MATERIAL FOR THIS EXERCISE:
(* Let $(\Omega,\mathcal F,\Pr)$ be a probability space with filtration $\{\mathcal F_n\}_{n\ge0}$, and let $\{z_n\},\{a_n\},\{x_n\},\{y_n\}$ be non-negative real-valued sequences adapted to $\{\mathcal F_n\}$ satisfying $$\mathbb{E}[z_{n+1}\mid\mathcal F_n]\le(1+a_n)z_n+x_n-y_n\quad\text{a.s. for all }n\ge0.$$ Suppose: (A1) $\sum_n a_n<\infty$ a.s.; (A2) $|z_{n+1}-z_n|\le b_n(z_n+1)$ a.s. for all $n$, where $\{b_n\}$ is a non-negative real-valued sequence adapted to $\{\mathcal F_n\}$ with $\sum_n b_n^2<\infty$ a.s.; (A3) there is a constant $B\ge 0$ such that for all $n$, $z_n>B$ implies $x_n-y_n\le -c_n(z_n-B)$, where $\{c_n\}$ is a non-negative real-valued sequence adapted to $\{\mathcal F_n\}$ with $\sum_n c_n=\infty$ a.s. Then $\lim_{n\to\infty} d(z_n,[0,B])=0$ a.s.
   Context: For $z\in\mathbb R$ and an interval $Z\subset\mathbb R$, $d(z,Z)\doteq\inf_{\tilde z\in Z}|z-\tilde z|$; in particular $d(z,[0,B])=\max(z-B,0)$ for $z\ge 0$. *)

theory Defs
  imports "HOL-Probability.Probability"
begin

end

theory Submission
  imports Defs
begin

text \<open>
  Put \<open>u n = (max (z n - B) 0)\<^sup>2\<close>, the squared distance of \<open>z n\<close> to \<open>[0, B]\<close>.
  Expanding the square and using (A2), (A3) and the drift inequality gives
  \<open>E[u (n + 1) | F n] + 2 c n u n \<le> (1 + A n) u n + C n\<close> with summable \<open>A\<close> and \<open>C\<close>,
  so \<open>u\<close> is a nonnegative almost-supermartingale in the sense of Robbins and Siegmund.
  Their theorem is proved here, for general \<open>V\<close>, \<open>C\<close> and \<open>D\<close>, in a weak form that needs no martingale convergence theorem:
  the decrease terms are summable, and \<open>u n \<longrightarrow> 0\<close> as soon as \<open>liminf u = 0\<close>.
  After normalising by the products of the factors \<open>1 + A k\<close> and localising to events on
  which \<open>V 0\<close> and \<open>\<Sum>k. C k\<close> are bounded, \<open>V n\<close> plus the tail \<open>\<Sum>k\<ge>n. C k\<close> is a
  nonnegative supermartingale, and optional stopping bounds the probability that \<open>V\<close>, having
  dropped below \<open>\<eta>\<close> after time \<open>m\<close>, later climbs above \<open>\<lambda>\<close> by
  \<open>(\<eta> + E (\<Sum>k\<ge>m. C k)) / \<lambda>\<close>. Finally \<open>\<Sum>n. c n u n < \<infinity>\<close> and \<open>\<Sum>n. c n = \<infinity>\<close>
  force \<open>liminf u = 0\<close>, hence \<open>u n \<longrightarrow> 0\<close>.
\<close>

section \<open>Conditional expectation inequalities\<close>

lemma (in sigma_finite_subalgebra) nn_integral_indicator_le_of_cond_exp:
  assumes [measurable]: "f \<in> borel_measurable M" "g \<in> borel_measurable F" "h \<in> borel_measurable F"
    and le: "AE \<omega> in M. nn_cond_exp M F f \<omega> + g \<omega> \<le> h \<omega>"
    and A[measurable]: "A \<in> sets F"
  shows "(\<integral>\<^sup>+\<omega>. indicator A \<omega> * f \<omega> \<partial>M) + (\<integral>\<^sup>+\<omega>. indicator A \<omega> * g \<omega> \<partial>M)
          \<le> (\<integral>\<^sup>+\<omega>. indicator A \<omega> * h \<omega> \<partial>M)"
proof -
  have [measurable]: "A \<in> sets M" using A subalg by (meson subalgebra_def subsetD)
  have [measurable]: "g \<in> borel_measurable M" "h \<in> borel_measurable M"
    by (rule measurable_from_subalg[OF subalg], simp)+
  have "(\<integral>\<^sup>+\<omega>. indicator A \<omega> * f \<omega> \<partial>M) = (\<integral>\<^sup>+\<omega>. indicator A \<omega> * nn_cond_exp M F f \<omega> \<partial>M)"
    by (rule nn_cond_exp_intg[symmetric]) auto
  then have "(\<integral>\<^sup>+\<omega>. indicator A \<omega> * f \<omega> \<partial>M) + (\<integral>\<^sup>+\<omega>. indicator A \<omega> * g \<omega> \<partial>M)
     = (\<integral>\<^sup>+\<omega>. indicator A \<omega> * nn_cond_exp M F f \<omega> + indicator A \<omega> * g \<omega> \<partial>M)"
    by (simp add: nn_integral_add)
  also have "\<dots> \<le> (\<integral>\<^sup>+\<omega>. indicator A \<omega> * h \<omega> \<partial>M)"
    using le by (intro nn_integral_mono_AE, eventually_elim)
      (auto simp: indicator_def distrib_left[symmetric])
  finally show ?thesis .
qed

WORK INSTRUCTION:
How many of the lines above contain the string "longrightarrow"? Give the number only.

TASK SOLUTION:
2